NHS leaders have launched what they are calling the world’s first national review into mortality levels among patients with learning disabilities.
The independent project is intended to help the NHS reduce premature deaths among this group of patients, they said.
“This will be a vital piece of work in helping us to support everyone to lead happier, healthier lives”
The three-year National Learning Disability Mortality Review Programme has been commissioned by NHS England and the Healthcare Quality Improvement Partnership, and will be carried out by the University of Bristol’s Norah Fry Research Centre.
It will seek to improve the quality of health and social care delivery for people with learning disabilities through a retrospective review of their deaths.
The case reviews will be used to support health and social care professionals to identify, and take action on, the avoidable contributory factors leading to premature deaths in this population.
The national mortality review was recommended by the 2010-13 Confidential Inquiry into Premature Deaths of People with Learning Disabilities.

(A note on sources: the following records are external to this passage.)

lemma L1_dominated_add:
  assumes "L1_dominated f W" and "L1_dominated g W'"
  shows "L1_dominated (\<lambda>n i \<omega>. f n i \<omega> + g n i \<omega>) (\<lambda>n. W n + W' n)"
  using assms unfolding L1_dominated_def
proof eventually_elim
  case (elim n)
  show ?case
  proof
    fix i assume "i \<in> {1..n}"
    with elim have f: "integrable (M n) (f n i)" "(\<integral>\<omega>. \<bar>f n i \<omega>\<bar> \<partial>M n) \<le> W n"
      and g: "integrable (M n) (g n i)" "(\<integral>\<omega>. \<bar>g n i \<omega>\<bar> \<partial>M n) \<le> W' n"
      by auto
    have "(\<integral>\<omega>. \<bar>f n i \<omega> + g n i \<omega>\<bar> \<partial>M n) \<le> (\<integral>\<omega>. \<bar>f n i \<omega>\<bar> + \<bar>g n i \<omega>\<bar> \<partial>M n)"
      using f g by (intro integral_mono abs_triangle_ineq) auto
    also have "\<dots> \<le> W n + W' n"
      using f g by simp
    finally show "integrable (M n) (\<lambda>\<omega>. f n i \<omega> + g n i \<omega>)
        \<and> (\<integral>\<omega>. \<bar>f n i \<omega> + g n i \<omega>\<bar> \<partial>M n) \<le> W n + W' n"
      using f g by simp
  qed
qed

lemma L1_vanishing_add:
  assumes "L1_vanishing f" and "L1_vanishing g"
  shows "L1_vanishing (\<lambda>n i \<omega>. f n i \<omega> + g n i \<omega>)"
proof -
  obtain W W' where "W \<longlonglongrightarrow> 0" "W' \<longlonglongrightarrow> 0" "L1_dominated f W" "L1_dominated g W'"
    using assms unfolding L1_vanishing_def by blast
  then show ?thesis
    unfolding L1_vanishing_def
    by (intro exI[of _ "\<lambda>n. W n + W' n"] conjI tendsto_add_zero L1_dominated_add)
qed

lemma L1_vanishing_cmult:
  assumes "L1_vanishing f"
  shows "L1_vanishing (\<lambda>n i \<omega>. c * f n i \<omega>)"
proof -
  obtain W where W: "W \<longlonglongrightarrow> 0" and dom: "L1_dominated f W"
    using assms unfolding L1_vanishing_def by blast
  have "L1_dominated (\<lambda>n i \<omega>. c * f n i \<omega>) (\<lambda>n. \<bar>c\<bar> * W n)"
    using dom unfolding L1_dominated_def
    by eventually_elim (auto simp: abs_mult intro: mult_left_mono)
  moreover have "(\<lambda>n. \<bar>c\<bar> * W n) \<longlonglongrightarrow> 0"
    by (rule tendsto_mult_right_zero[OF W])
  ultimately show ?thesis
    unfolding L1_vanishing_def by blast
qed

lemma L1_vanishing_zero: "L1_vanishing (\<lambda>n i \<omega>. 0)"
  unfolding L1_vanishing_def L1_dominated_def by (intro exI[of _ "\<lambda>_. 0"]) auto

lemma L1_vanishing_sum:
  assumes "\<And>t. t \<in> S \<Longrightarrow> L1_vanishing (f t)"
  shows "L1_vanishing (\<lambda>n i \<omega>. \<Sum>t\<in>S. f t n i \<omega>)"
  using assms
proof (induction S rule: infinite_finite_induct)
  case (insert t S)
  then show ?case
    using L1_vanishing_add[of "f t" "\<lambda>n i \<omega>. \<Sum>t\<in>S. f t n i \<omega>"] by simp
qed (simp_all add: L1_vanishing_zero)

lemma L1_vanishing_weighted_sum:
  assumes f: "L1_vanishing f" and a: "\<forall>\<^sub>F n in sequentially. (\<Sum>j\<in>{1..n}. \<bar>a n j\<bar>) \<le> G"
  shows "L1_vanishing (\<lambda>n i \<omega>. \<Sum>j\<in>{1..n}. a n j * f n j \<omega>)"
proof -
  obtain W where W: "W \<longlonglongrightarrow> 0" and dom: "L1_dominated f W"
    using f unfolding L1_vanishing_def by blast
  have "L1_dominated (\<lambda>n i \<omega>. \<Sum>j\<in>{1..n}. a n j * f n j \<omega>) (\<lambda>n. G * \<bar>W n\<bar>)"
    using dom a unfolding L1_dominated_def
  proof eventually_elim
    case (elim n)
    then have f: "\<And>j. j \<in> {1..n} \<Longrightarrow> integrable (M n) (f n j)"
      and fW: "\<And>j. j \<in> {1..n} \<Longrightarrow> (\<integral>\<omega>. \<bar>f n j \<omega>\<bar> \<partial>M n) \<le> \<bar>W n\<bar>"
      by (fastforce intro: order_trans[OF _ abs_ge_self])+
    have sum_int: "integrable (M n) (\<lambda>\<omega>. \<Sum>j\<in>{1..n}. a n j * f n j \<omega>)"
      using f by auto
    have "(\<integral>\<omega>. \<bar>\<Sum>j\<in>{1..n}. a n j * f n j \<omega>\<bar> \<partial>M n)
        \<le> (\<integral>\<omega>. (\<Sum>j\<in>{1..n}. \<bar>a n j\<bar> * \<bar>f n j \<omega>\<bar>) \<partial>M n)"
      using f sum_int by (intro integral_mono) (auto simp: abs_mult intro: order_trans[OF sum_abs])
    also have "\<dots> = (\<Sum>j\<in>{1..n}. \<bar>a n j\<bar> * (\<integral>\<omega>. \<bar>f n j \<omega>\<bar> \<partial>M n))"
      using f by (simp add: integral_sum)
    also have "\<dots> \<le> (\<Sum>j\<in>{1..n}. \<bar>a n j\<bar>) * \<bar>W n\<bar>"
      unfolding sum_distrib_right using fW by (intro sum_mono mult_left_mono) auto
    also have "\<dots> \<le> G * \<bar>W n\<bar>"
      using elim by (intro mult_right_mono) auto
    finally show ?case
      using sum_int by auto
  qed
  moreover have "(\<lambda>n. G * \<bar>W n\<bar>) \<longlonglongrightarrow> 0"
    by (intro tendsto_mult_right_zero tendsto_rabs_zero W)
  ultimately show ?thesis
    unfolding L1_vanishing_def by blast
qed

lemma L1_vanishing_abs_le:
  assumes f: "L1_vanishing f"
    and le: "\<forall>\<^sub>F n in sequentially. \<forall>i\<in>{1..n}.
               g n i \<in> borel_measurable (M n) \<and> (\<forall>\<omega>. \<bar>g n i \<omega>\<bar> \<le> \<bar>f n i \<omega>\<bar>)"
  shows "L1_vanishing g"
proof -
  obtain W where W: "W \<longlonglongrightarrow> 0" and dom: "L1_dominated f W"
    using f unfolding L1_vanishing_def by blast
  have "L1_dominated g W"
    using dom le unfolding L1_dominated_def
  proof eventually_elim
    case (elim n)
    show ?case
    proof
      fix i assume "i \<in> {1..n}"
      with elim have f: "integrable (M n) (f n i)" "(\<integral>\<omega>. \<bar>f n i \<omega>\<bar> \<partial>M n) \<le> W n"
        and g: "g n i \<in> borel_measurable (M n)" "\<And>\<omega>. \<bar>g n i \<omega>\<bar> \<le> \<bar>f n i \<omega>\<bar>"
        by auto
      note bound = integrable_abs_integral_le[OF integrable_abs[OF f(1)] g]
      show "integrable (M n) (g n i) \<and> (\<integral>\<omega>. \<bar>g n i \<omega>\<bar> \<partial>M n) \<le> W n"
        using bound f(2) by auto
    qed
  qed
  with W show ?thesis
    unfolding L1_vanishing_def by blast
qed

lemma L1_vanishing_norm_mult:
  assumes d: "L2_vanishing d" and b: "L2_bounded b"
  shows "L1_vanishing (\<lambda>n i \<omega>. norm (d n i \<omega>) * norm (b n i \<omega>))"
proof -
  obtain V where V: "V \<longlonglongrightarrow> 0" and dom_d: "L2_dominated d V"
    using d unfolding L2_vanishing_def by blast
  obtain K where dom_b: "L2_dominated b (\<lambda>_. K)"
    using b unfolding L2_bounded_def by blast
  \<comment> \<open>Young's inequality with a weight \<open>e n > 0\<close> such that \<open>V n \<le> e n\<^sup>2\<close> and \<open>e n \<longlonglongrightarrow> 0\<close>\<close>
  define e where "e n = sqrt (\<bar>V n\<bar> + inverse (real (Suc n)))" for n
  have e_pos: "0 < e n" for n
    unfolding e_def by (intro real_sqrt_gt_zero add_nonneg_pos) auto
  have V_le: "V n \<le> (e n)\<^sup>2" for n
    unfolding e_def by (simp add: add_increasing2)
  have "(\<lambda>n. \<bar>V n\<bar> + inverse (real (Suc n))) \<longlonglongrightarrow> 0"
    using tendsto_add_zero[OF tendsto_rabs_zero[OF V] LIMSEQ_inverse_real_of_nat] .
  then have e: "e \<longlonglongrightarrow> 0"
    unfolding e_def using tendsto_real_sqrt by fastforce
  have "L1_dominated (\<lambda>n i \<omega>. norm (d n i \<omega>) * norm (b n i \<omega>)) (\<lambda>n. e n * (1 + \<bar>K\<bar>) / 2)"
    using dom_d dom_b unfolding L1_dominated_def L2_dominated_def
  proof eventually_elim
    case (elim n)
    show ?case
    proof
      fix i assume "i \<in> {1..n}"
      with elim have d: "d n i \<in> borel_measurable (M n)" "integrable (M n) (\<lambda>\<omega>. (norm (d n i \<omega>))\<^sup>2)"
          "(\<integral>\<omega>. (norm (d n i \<omega>))\<^sup>2 \<partial>M n) \<le> V n"
        and b: "b n i \<in> borel_measurable (M n)" "integrable (M n) (\<lambda>\<omega>. (norm (b n i \<omega>))\<^sup>2)"
          "(\<integral>\<omega>. (norm (b n i \<omega>))\<^sup>2 \<partial>M n) \<le> K"
        by auto
      have dom: "integrable (M n) (\<lambda>\<omega>. ((norm (d n i \<omega>))\<^sup>2 / e n + e n * (norm (b n i \<omega>))\<^sup>2) / 2)"
        using d b by simp
      have meas: "(\<lambda>\<omega>. norm (d n i \<omega>) * norm (b n i \<omega>)) \<in> borel_measurable (M n)"
        using d b by measurable
      have le: "\<bar>norm (d n i \<omega>) * norm (b n i \<omega>)\<bar>
          \<le> ((norm (d n i \<omega>))\<^sup>2 / e n + e n * (norm (b n i \<omega>))\<^sup>2) / 2" for \<omega>
        using mult_le_weighted_squares[OF e_pos] by simp
      note bound = integrable_abs_integral_le[OF dom meas le]
      have "(\<integral>\<omega>. \<bar>norm (d n i \<omega>) * norm (b n i \<omega>)\<bar> \<partial>M n)
          \<le> ((\<integral>\<omega>. (norm (d n i \<omega>))\<^sup>2 \<partial>M n) / e n + e n * (\<integral>\<omega>. (norm (b n i \<omega>))\<^sup>2 \<partial>M n)) / 2"
        using bound(2) d b by simp
      also have "\<dots> \<le> ((e n)\<^sup>2 / e n + e n * \<bar>K\<bar>) / 2"
        using d(3) b(3) V_le[of n] e_pos[of n]
        by (intro divide_right_mono add_mono mult_left_mono) (auto simp: less_imp_le)
      also have "\<dots> = e n * (1 + \<bar>K\<bar>) / 2"
        by (simp add: power2_eq_square algebra_simps)
      finally show "integrable (M n) (\<lambda>\<omega>. norm (d n i \<omega>) * norm (b n i \<omega>))
          \<and> (\<integral>\<omega>. \<bar>norm (d n i \<omega>) * norm (b n i \<omega>)\<bar> \<partial>M n) \<le> e n * (1 + \<bar>K\<bar>) / 2"
        using bound(1) by simp
    qed
  qed
  moreover have "(\<lambda>n. e n * (1 + \<bar>K\<bar>) / 2) \<longlonglongrightarrow> 0"
    using tendsto_mult_left_zero[OF e, of "(1 + \<bar>K\<bar>) / 2"] by simp
  ultimately show ?thesis
    unfolding L1_vanishing_def by blast
qed

lemma L2_bounded_measurable:
  "L2_bounded F \<Longrightarrow> \<forall>\<^sub>F n in sequentially. \<forall>i\<in>{1..n}. F n i \<in> borel_measurable (M n)"
  unfolding L2_bounded_def L2_dominated_def by (auto elim: eventually_mono)

lemma L1_vanishing_bilinear:
  fixes a b :: "nat \<Rightarrow> nat \<Rightarrow> 'w \<Rightarrow> real^'m" and a' b' :: "nat \<Rightarrow> nat \<Rightarrow> 'w \<Rightarrow> real^'n"
    and Q :: "real^'n^'m"
  assumes "L2_bounded a" "L2_bounded a'" "L2_bounded b" "L2_bounded b'"
    and "L2_vanishing (\<lambda>n i \<omega>. a n i \<omega> - b n i \<omega>)" "L2_vanishing (\<lambda>n i \<omega>. a' n i \<omega> - b' n i \<omega>)"
  shows "L1_vanishing (\<lambda>n i \<omega>. a n i \<omega> \<bullet> (Q *v a' n i \<omega>) - b n i \<omega> \<bullet> (Q *v b' n i \<omega>))"
proof (rule L1_vanishing_abs_le)
  show "L1_vanishing (\<lambda>n i \<omega>. norm Q * (norm (a n i \<omega> - b n i \<omega>) * norm (a' n i \<omega>)
                                    + norm (a' n i \<omega> - b' n i \<omega>) * norm (b n i \<omega>)))"
    using assms by (intro L1_vanishing_cmult L1_vanishing_add L1_vanishing_norm_mult)
  show "\<forall>\<^sub>F n in sequentially. \<forall>i\<in>{1..n}.
      (\<lambda>\<omega>. a n i \<omega> \<bullet> (Q *v a' n i \<omega>) - b n i \<omega> \<bullet> (Q *v b' n i \<omega>)) \<in> borel_measurable (M n) \<and>
      (\<forall>\<omega>. \<bar>a n i \<omega> \<bullet> (Q *v a' n i \<omega>) - b n i \<omega> \<bullet> (Q *v b' n i \<omega>)\<bar>
         \<le> \<bar>norm Q * (norm (a n i \<omega> - b n i \<omega>) * norm (a' n i \<omega>)
                     + norm (a' n i \<omega> - b' n i \<omega>) * norm (b n i \<omega>))\<bar>)"
    using assms(1-4)[THEN L2_bounded_measurable]
  proof eventually_elim
    case (elim n)
    have "(\<lambda>\<omega>. Q *v x \<omega>) \<in> borel_measurable (M n)" if "x \<in> borel_measurable (M n)" for x
      using that
      by (intro borel_measurable_continuous_on[OF matrix_vector_mult_linear_continuous_on])
    moreover have "\<bar>x \<bullet> (Q *v y) - x' \<bullet> (Q *v y')\<bar>
        \<le> \<bar>norm Q * (norm (x - x') * norm y + norm (y - y') * norm x')\<bar>" for x x' y y'
      by (rule order_trans[OF abs_inner_matrix_vector_mult_diff_le abs_ge_self])
    ultimately show ?case
      using elim by (auto intro!: borel_measurable_diff borel_measurable_inner)
  qed
qed
(* For every $n\ge 1$, \[ |\mathrm{End}(P_n)| = \begin{cases} (n+1)2^{n-1} - (2n-1)\binom{n-1}{(n-1)/2} & \text{if } n \text{ is odd},\\[2pt] (n+1)2^{n-1} - n\binom{n}{n/2} & \text{if } n \text{ is even}.\end{cases} \]
   Context: For a positive integer $n$, $P_n$ denotes the path with vertex set $[n]=\{1,\dots,n\}$ in which $i$ and $j$ are adjacent iff $|i-j|=1$. $\mathrm{End}(P_n)$ is the set of endomorphisms of $P_n$, i.e. maps $f:[n]\to[n]$ with $|f(i)-f(i+1)|=1$ for all $1\le i\le n-1$. *)

theory Defs
  imports Main "HOL-Library.FuncSet"
begin

text \<open>Endomorphisms of the path P_n on vertex set {1..n}: maps f from {1..n} to {1..n}
  (represented extensionally, i.e. f is undefined outside {1..n}) with |f(i) - f(i+1)| = 1.\<close>
definition path_End :: "nat \<Rightarrow> (nat \<Rightarrow> nat) set" where
  "path_End n = {f \<in> {1..n} \<rightarrow>\<^sub>E {1..n}.
      \<forall>i. 1 \<le> i \<and> i \<le> n - 1 \<longrightarrow> \<bar>int (f i) - int (f (i + 1))\<bar> = 1}"

end

theory Submission
  imports Defs
begin

(* An endomorphism of P_(m+1) is determined by its starting value s = f 1 and by its
   step sequence xs in {-1,1}^m, i.e. it is the walk of s along xs.  A pair (xs, s)
   gives an endomorphism iff the walk stays inside [1, m+1], i.e. iff
   1 - min_pref xs <= s <= m + 1 - max_pref xs, where max_pref / min_pref are the
   largest / smallest prefix sums.  Hence
     |End(P_(m+1))| = sum over xs of (m + 1 - max_pref xs + min_pref xs)
                    = (m+1) 2^m - 2 * max_total m,
   using the symmetry xs -> -xs, where max_total m is the sum of max_pref over {-1,1}^m.
   By the reflection principle the number of sequences with maximal prefix sum k is
   m choose ((m+k+1) div 2), which yields a linear recurrence for max_total; solving it
   separately for even and odd m gives the closed form of the theorem. *)

fun max_pref :: "int list \<Rightarrow> int" where
  "max_pref [] = 0"
| "max_pref (x # xs) = max 0 (x + max_pref xs)"

fun min_pref :: "int list \<Rightarrow> int" where
  "min_pref [] = 0"
| "min_pref (x # xs) = min 0 (x + min_pref xs)"

lemma max_pref_nonneg: "max_pref xs \<ge> 0"
  by (cases xs) auto

lemma min_pref_nonpos: "min_pref xs \<le> 0"
  by (cases xs) auto

lemma min_pref_neg: "min_pref xs = - max_pref (map uminus xs)"
  by (induction xs) auto

lemma pref_spread:
  assumes "set xs \<subseteq> {-1, 1}"
  shows "max_pref xs - min_pref xs \<le> int (length xs)"
  using assms
proof (induction xs)
  case (Cons x xs)
  then show ?case using max_pref_nonneg[of xs] min_pref_nonpos[of xs] by auto
qed simp

fun walk :: "int \<Rightarrow> int list \<Rightarrow> int list" where
  "walk s [] = [s]"
| "walk s (x # xs) = s # walk (s + x) xs"

lemma length_walk [simp]: "length (walk s xs) = Suc (length xs)"
  by (induction xs arbitrary: s) auto

lemma walk_not_Nil [simp]: "walk s xs \<noteq> []"
  by (cases xs) auto
text \<open>Fatou's lemma as u \<rightarrow> 0 in E[2(1 - cos(uZ))/u^2] = 2(1 - exp(-u^2 V/2))/u^2 \<le> V.\<close>
lemma second_moment_le_of_char:
  fixes Z :: "'w \<Rightarrow> real"
  assumes "prob_space M" and Z: "Z \<in> borel_measurable M"
    and char: "\<And>u. char (distr M borel Z) u = complex_of_real (exp (- (u\<^sup>2 * V) / 2))"
  shows "0 \<le> V" and "(\<integral>\<^sup>+ \<omega>. ennreal ((Z \<omega>)\<^sup>2) \<partial>M) \<le> ennreal V"
proof -
  interpret prob_space M by fact
  interpret D: real_distribution "distr M borel Z" using Z by simp
  have "exp (- V / 2) \<le> 1"
    using D.cmod_char_le_1[of 1] char[of 1] by simp
  then show V: "0 \<le> V" by simp
  have E_cos: "(\<integral> \<omega>. cos (u * Z \<omega>) \<partial>M) = exp (- (u\<^sup>2 * V) / 2)" for u
    using integral_cos_eq_Re_char[OF Z, of u] char[of u] by simp
  define f where "f u \<omega> = 2 * (1 - cos (u * Z \<omega>)) / u\<^sup>2" for u \<omega>
  have E_f: "(\<integral>\<^sup>+ \<omega>. ennreal (f u \<omega>) \<partial>M) \<le> ennreal V" for u
  proof -
    have f_le: "\<bar>f u \<omega>\<bar> \<le> 4 / u\<^sup>2" for \<omega>
    proof -
      have "1 - cos (u * Z \<omega>) \<le> 2"
        using cos_ge_minus_one[of "u * Z \<omega>"] by linarith
      then have "2 * (1 - cos (u * Z \<omega>)) \<le> 2 * 2" by (rule mult_left_mono) simp
      then have "\<bar>2 * (1 - cos (u * Z \<omega>))\<bar> \<le> 4" by simp
      then show ?thesis unfolding f_def abs_divide abs_power2 by (rule divide_right_mono) simp
    qed
    have "f u \<in> borel_measurable M" unfolding f_def using Z by measurable
    then have int: "integrable M (f u)"
      using f_le by (intro integrable_const_bound[where B="4 / u\<^sup>2"]) auto
    have "integrable M (\<lambda>\<omega>. cos (u * Z \<omega>))"
      using Z by (intro integrable_const_bound[where B=1]) auto
    then have "(\<integral> \<omega>. f u \<omega> \<partial>M) = 2 * (1 - exp (- (u\<^sup>2 * V) / 2)) / u\<^sup>2"
      by (simp add: f_def diff_divide_distrib right_diff_distrib prob_space E_cos
          Bochner_Integration.integral_diff)
    also have "\<dots> \<le> V"
      using exp_ge_add_one_self[of "- (u\<^sup>2 * V) / 2"] V
      by (cases "u = 0") (simp_all add: field_simps)
    finally have "(\<integral> \<omega>. f u \<omega> \<partial>M) \<le> V" .
    moreover have "0 \<le> f u \<omega>" for \<omega> by (simp add: f_def)
    then have "(\<integral>\<^sup>+ \<omega>. ennreal (f u \<omega>) \<partial>M) = ennreal (\<integral> \<omega>. f u \<omega> \<partial>M)"
      using int by (intro nn_integral_eq_integral) auto
    ultimately show ?thesis by (simp add: ennreal_leI)
  qed
  have to_zero: "filterlim (\<lambda>n. inverse (real n)) (at_right 0) sequentially"
    by (rule filterlim_compose[OF filterlim_inverse_at_right_top filterlim_real_sequentially])
  show "(\<integral>\<^sup>+ \<omega>. ennreal ((Z \<omega>)\<^sup>2) \<partial>M) \<le> ennreal V"
  proof (rule nn_integral_le_of_tendsto[where f="\<lambda>n \<omega>. ennreal (f (inverse (real n)) \<omega>)"])
    show "(\<lambda>n. ennreal (f (inverse (real n)) \<omega>)) \<longlonglongrightarrow> ennreal ((Z \<omega>)\<^sup>2)" for \<omega>
      unfolding f_def
      by (intro tendsto_ennrealI filterlim_compose[OF one_minus_cos_tendsto_square to_zero])
  qed (use Z E_f in \<open>auto simp: f_def\<close>)
qed
(* Let $I=(G,T,k)$ be a Node Multiway Cut instance with $s=|T|\ge 2$ satisfying: (R1) no two terminals are adjacent and $p(I)\ge 0$; (R2) no vertex of $V\setminus T$ is adjacent to two distinct terminals; (R3) for every terminal $t$ and every neighbour $w\in V\setminus T$ of $t$, the optimum of the LP-relaxation of $I$ with the additional constraint $d_w=0$ is strictly larger than $LP(I)$. If $q(I)\ge \frac{s-2}{s-1}k$ or $q(I)\le 2p(I)$, then $I$ is a YES-instance.
   Context: A Node Multiway Cut instance $I=(G,T,k)$ consists of a simple undirected graph $G=(V,E)$, a set $T\subseteq V$ of terminals and an integer $k$; it is a YES-instance iff there is a set $X\subseteq V\setminus T$ with $|X|\le k$ such that every path in $G$ between two distinct terminals contains a vertex of $X$. Let $\mathcal P(I)$ be the set of all simple paths in $G$ connecting two distinct terminals. The LP-relaxation of $I$ is: minimize $\sum_{v\in V\setminus T} d_v$ subject to $\sum_{v\in V(P)\setminus T} d_v\ge 1$ for every $P\in\mathcal P(I)$ and $d_v\ge 0$ for all $v\in V\setminus T$. $LP(I)$ denotes its optimum value and $p(I)=k-LP(I)$. For $t\in T$, a separating cut of $t$ is a set $S\subseteq V\setminus T$ such that $t$ is disconnected from $T\setminus\{t\}$ in $G-S$; $m(I,t)$ is the minimum size of a separating cut of $t$, and $q(I)=k-\max_{t\in T}m(I,t)$. *)

theory Defs
  imports Complex_Main "HOL-Library.Extended_Real"
begin

definition simple_graph :: "'a set \<Rightarrow> 'a set set \<Rightarrow> bool" where
  "simple_graph V E \<longleftrightarrow> finite V \<and> (\<forall>e\<in>E. card e = 2 \<and> e \<subseteq> V)"

definition adj :: "'a set set \<Rightarrow> 'a \<Rightarrow> 'a \<Rightarrow> bool" where
  "adj E u v \<longleftrightarrow> {u, v} \<in> E"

It found nearly a quarter of people with learning disabilities were younger than 50 years when they died. Up to a third of the deaths of people with learning disabilities were judged to be from causes that could possibly have been addressed by better healthcare provision.
It will form part of a raft of NHS England programmes designed to ensure that people with learning disabilities get the support and services they need, including radical plans to ensure more people are cared for in their communities instead of institutions, and work to drive up the uptake of Annual Health Checks and cancer screening, to spot and address the signs of ill health sooner.
Dominic Slowie, NHS England’s national clinical director for learning disability, said: “It is completely unacceptable that this huge inequality exists for people with learning disabilities, and this will be a vital piece of work in helping us to support everyone to lead happier, healthier lives.”
He added that the work of the earlier confidential enquiry had made a “big difference” to the way in which professionals and organisations thought about issues relating to learning disabilities, and led to important changes in policy and practice at local level, which needed to be replicated nationally.